Jazeker. Ik ben ten slotte bij de havenpolitie weggegaan en werd vrijwilliger voor regie en dramaturgie bij het Amsterdams Toneel. Dat was precies hetzelfde als mijn funktie van adjunkt-inspekteur voor smokkelaffaires. Ik kreeg ook tien gulden in de maand en had ook niets nuttigs te doen. Maar ik zag toen ineens een grote carrière als akteur. Maar dat is ook weer niet meegevallen.

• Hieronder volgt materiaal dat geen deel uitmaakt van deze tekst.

(* Let $1<p<\infty$ and $W:\mathbb{M}^{3\times3}\to[0,+\infty]$ satisfy (H1)–(H5) below. Let $\Omega\subset\mathbb{R}^2$ be open and bounded, $\eta>0$, and $G:\overline\Omega\to\mathbb{M}^{3\times2}$ uniformly continuous with $|G^1(x)\wedge G^2(x)|\geq\eta$ for every $x\in\overline\Omega$. Then for every open set $U\subset\Omega$ there exists $\beta=\beta(\eta,\|G\|_{L^\infty})>0$ such that $$\int_U W_0(G(x))\,dx=\inf\Big\{\int_U W(G(x)|\phi(x))\,dx:\ \phi\in C^\infty(\overline\Omega,\mathbb{R}^3),\ \det(G(x)|\phi(x))\geq\tfrac1\beta\text{ for }x\in\overline\Omega,\ \|\phi\|_{L^\infty(\Omega)}\leq\beta\Big\}.$$
   Context: Hypotheses: (H1) $W$ continuous as a $[0,+\infty]$-valued function; (H2) $W(RF)=W(F)$ for $R\in SO(3)$; (H3) $W(F)<\infty$ if $\det F>0$ and $W(F)=+\infty$ if $\det F\leq0$; (H4) $W(F)\geq C_1|F|^p-1/C_1$; (H5) for each $\delta>0$, $W(F)\leq c_\delta(1+|F|^p)$ when $\det F\geq\delta$. $W_0(A):=\inf_{\xi\in\mathbb{R}^3}W(A|\xi)$, where $(A|\xi)$ is the $3\times3$ matrix with columns $A^1,A^2,\xi$; $\wedge$ is the vector product. *)

theory Defs
  imports "HOL-Analysis.Analysis" "HOL-Analysis.Cross3"
begin

definition augment :: "real^2^3 \<Rightarrow> real^3 \<Rightarrow> real^3^3" where
  "augment A \<xi> = (\<chi> i j. if j = 1 then A $ i $ 1 else if j = 2 then A $ i $ 2 else \<xi> $ i)"

definition col32 :: "real^2^3 \<Rightarrow> 2 \<Rightarrow> real^3" where
  "col32 A k = (\<chi> i. A $ i $ k)"

definition W0 :: "(real^3^3 \<Rightarrow> ennreal) \<Rightarrow> real^2^3 \<Rightarrow> ennreal" where
  "W0 W A = (INF \<xi>. W (augment A \<xi>))"

fun iter_partial :: "2 list \<Rightarrow> (real^2 \<Rightarrow> real^3) \<Rightarrow> real^2 \<Rightarrow> real^3" where
  "iter_partial [] f = f"
| "iter_partial (i # is) f = (\<lambda>x. frechet_derivative (iter_partial is f) (at x) (axis i 1))"

definition smooth_on :: "(real^2) set \<Rightarrow> (real^2 \<Rightarrow> real^3) \<Rightarrow> bool" where
  "smooth_on S f \<longleftrightarrow> (\<forall>is. iter_partial is f differentiable_on S)"

definition smooth_up_to_boundary :: "(real^2) set \<Rightarrow> (real^2 \<Rightarrow> real^3) \<Rightarrow> bool" where
  "smooth_up_to_boundary \<Omega> f \<longleftrightarrow> (\<exists>V. open V \<and> closure \<Omega> \<subseteq> V \<and> smooth_on V f)"

definition hyp_W :: "real \<Rightarrow> (real^3^3 \<Rightarrow> ennreal) \<Rightarrow> bool" where
  "hyp_W p W \<longleftrightarrow>
     continuous_on UNIV W
   \<and> (\<forall>R F. orthogonal_matrix R \<and> det R = 1 \<longrightarrow> W (R ** F) = W F)
   \<and> (\<forall>F. det F > 0 \<longrightarrow> W F < \<infinity>)
   \<and> (\<forall>F. det F \<le> 0 \<longrightarrow> W F = \<infinity>)
   \<and> (\<exists>C1>0. \<forall>F. ennreal (C1 * norm F powr p - 1 / C1) \<le> W F)
   \<and> (\<forall>\<delta>>0. \<exists>c. \<forall>F. det F \<ge> \<delta> \<longrightarrow> W F \<le> ennreal (c * (1 + norm F powr p)))"

end

theory Submission
  imports Defs
begin

(*
  The inequality "<=" holds pointwise, since W0 (G x) <= W (G x | phi x). For ">=", coercivity (H4)
  and growth (H5) show that W0 is bounded on matrices A with |A| <= M and |A^1 x A^2| >= eta, and that
  every xi with W (A | xi) <= W0 A + 1 lies in a fixed ball and satisfies det (A | xi) >= delta for a
  delta > 0 depending only on eta and M; this fixes beta. W0 is upper semicontinuous as an infimum of
  continuous functions and lower semicontinuous where finite by coercivity, so near each point of the
  closure a single vector is a near-minimizer. A partition of unity subordinate to a finite subcover,
  with a single active weight on each of finitely many disjoint closed sets that exhaust the domain
  up to small measure, glues these vectors into a continuous field that is almost optimal outside a
  small set and, by convexity of {xi. |xi| <= R, delta/2 <= xi . n}, satisfies the constraints
  everywhere. Stone-Weierstrass replaces the field by a polynomial, which is smooth up to the
  boundary, and uniform continuity of W on the compact set where det >= delta/4 controls the change
  of energy.
*)

section \<open>Polynomial maps are smooth\<close>

lemma real_polynomial_function_has_derivative:
  fixes p :: "'a::real_normed_vector \<Rightarrow> real"
  assumes "real_polynomial_function p"
  obtains D where "\<And>x. (p has_derivative D x) (at x)" "\<And>v. real_polynomial_function (\<lambda>x. D x v)"
proof -
  from assms have "\<exists>D. (\<forall>x. (p has_derivative D x) (at x)) \<and> (\<forall>v. real_polynomial_function (\<lambda>x. D x v))"
  proof (induction p rule: real_polynomial_function.induct)
    case (linear f)
    then show ?case
      by (intro exI[of _ "\<lambda>x. f"]) (auto intro: bounded_linear.has_derivative[OF _ has_derivative_ident])
  next
    case (const c)
    then show ?case by (intro exI[of _ "\<lambda>x h. 0"]) auto
  next
    case (add f g)
    then obtain Df Dg where "\<forall>x. (f has_derivative Df x) (at x)" "\<forall>v. real_polynomial_function (\<lambda>x. Df x v)"
      "\<forall>x. (g has_derivative Dg x) (at x)" "\<forall>v. real_polynomial_function (\<lambda>x. Dg x v)" by blast
    then show ?case
      by (intro exI[of _ "\<lambda>x h. Df x h + Dg x h"]) (auto intro!: has_derivative_add)
  next
    case (mult f g)
    then obtain Df Dg where "\<forall>x. (f has_derivative Df x) (at x)" "\<forall>v. real_polynomial_function (\<lambda>x. Df x v)"
      "\<forall>x. (g has_derivative Dg x) (at x)" "\<forall>v. real_polynomial_function (\<lambda>x. Dg x v)" by blast
    with mult.hyps show ?case
      by (intro exI[of _ "\<lambda>x h. f x * Dg x h + Df x h * g x"])
        (auto intro!: has_derivative_mult real_polynomial_function.intros(3,4))
  qed
  with that show ?thesis by blast
qed
definition encoding ::
  "'a set \<Rightarrow> ('a \<Rightarrow> 'a) \<Rightarrow> ('a \<Rightarrow> 'a) \<Rightarrow> ('a \<Rightarrow> 'a \<Rightarrow> 'a) \<Rightarrow> ('a \<Rightarrow> 'k::finite \<Rightarrow> nat)
     \<Rightarrow> ('a \<Rightarrow> 'i set) \<Rightarrow> 'i \<Rightarrow> (('k \<Rightarrow> nat) \<Rightarrow> ('k \<Rightarrow> nat) \<Rightarrow> 'a)"
  where "encoding L r s c d K i =
    (THE x. x \<in> inf_paths L r s c d \<and>
        (\<forall>n. x 0 n = (THE y. y \<in> L \<and> d y = n \<and> i \<in> K y)))"

definition sigma_tilde_n ::
  "'a set \<Rightarrow> ('a \<Rightarrow> 'k \<Rightarrow> nat) \<Rightarrow> ('a \<Rightarrow> 'i set) \<Rightarrow> ('a \<Rightarrow> 'i \<Rightarrow> 'i) \<Rightarrow> ('k \<Rightarrow> nat) \<Rightarrow> 'i \<Rightarrow> 'i"
  where "sigma_tilde_n L d J st n i =
    snd (THE p. fst p \<in> L \<and> d (fst p) = n \<and> snd p \<in> J (fst p) \<and> st (fst p) (snd p) = i)"

end

theory Submission
  imports Defs
begin

(* For fixed n the sets K x with d x = n cover I, and they are pairwise disjoint because
   tstar x sends e (st x j) to e j but kills the basis vectors indexed by K y for every
   other y of the same degree.  So every i in I has a unique label of each degree n, which
   already gives (a).  Since K (c x y) = st x ` K y is contained in K x, the label of
   degree p is a prefix of the label of degree q whenever p <= q, and unique factorisation
   assembles these labels into an infinite path, the encoding of i.
   For (b): if i = st x j, the label of i of degree n + d x is x followed by the label of j
   of degree n, so shifting the encoding of i by d x gives the encoding of j; prefixing by
   x inverts this shift. *)

lemma fun_zero_le: "0 \<le> (f :: 'a \<Rightarrow> 'b::canonically_ordered_monoid_add)"
  by (simp add: le_fun_def)

lemma fun_add_diff_inverse:
  "f \<le> g \<Longrightarrow> f + (g - f) = (g :: 'a \<Rightarrow> 'b::ordered_cancel_comm_monoid_diff)"
  unfolding le_fun_def fun_eq_iff
  by (simp add: ordered_cancel_comm_monoid_diff_class.add_diff_inverse)

lemma shift_in_inf_paths:
  assumes "y \<in> inf_paths L r s c d"
  shows "shift m y \<in> inf_paths L r s c d"
  using assms unfolding inf_paths_def shift_def by auto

Het is toen eens gebeurd dat ik Georgette Hagedoorn, die een grote vriendin van me is geworden, moest vervangen. Georgette speelde toen in Cirkus Knie en voor een opvoering in Zierikzee ging dat niet meer. Ze speelde de rol van een boerenjongetje en tegelijkertijd verwachtte ze een baby en dat was het reglement: een boerenjongetje, dat ook een baby verwachtte, nou dat kon niet meer he. Er moest toen maar iemand anders worden gevonden en ze hebben mij dan maar genomen. Ik was natuurlijk ietwat groter en had bovendien dat dikke hoofd en met dat alles moest ik een boerenjongetje van een jaar of elf zijn. Ik heb al de tederheid van mijn ziel in die rol gelegd, ik heb mijn gezicht wat bijgewerkt met sproeten en een beetje blond haar en ik heb dan gespeeld, gespeeld met de gedachte: ‘Al die mensen kruipen snikkend de zaal uit.’ Daar kwam de volgende dag dan het verslag in de krant en daar stond geschreven: ‘De heer J. de Hartog treedt op als de dorpsidioot.’ Dat is dan eigenlijk wel het einde geweest van mijn carrière als toneelspeler."

 

Fragment van het interview Ten huize van 4,  Joos Florquin, Davidsfonds, Leuven 1968.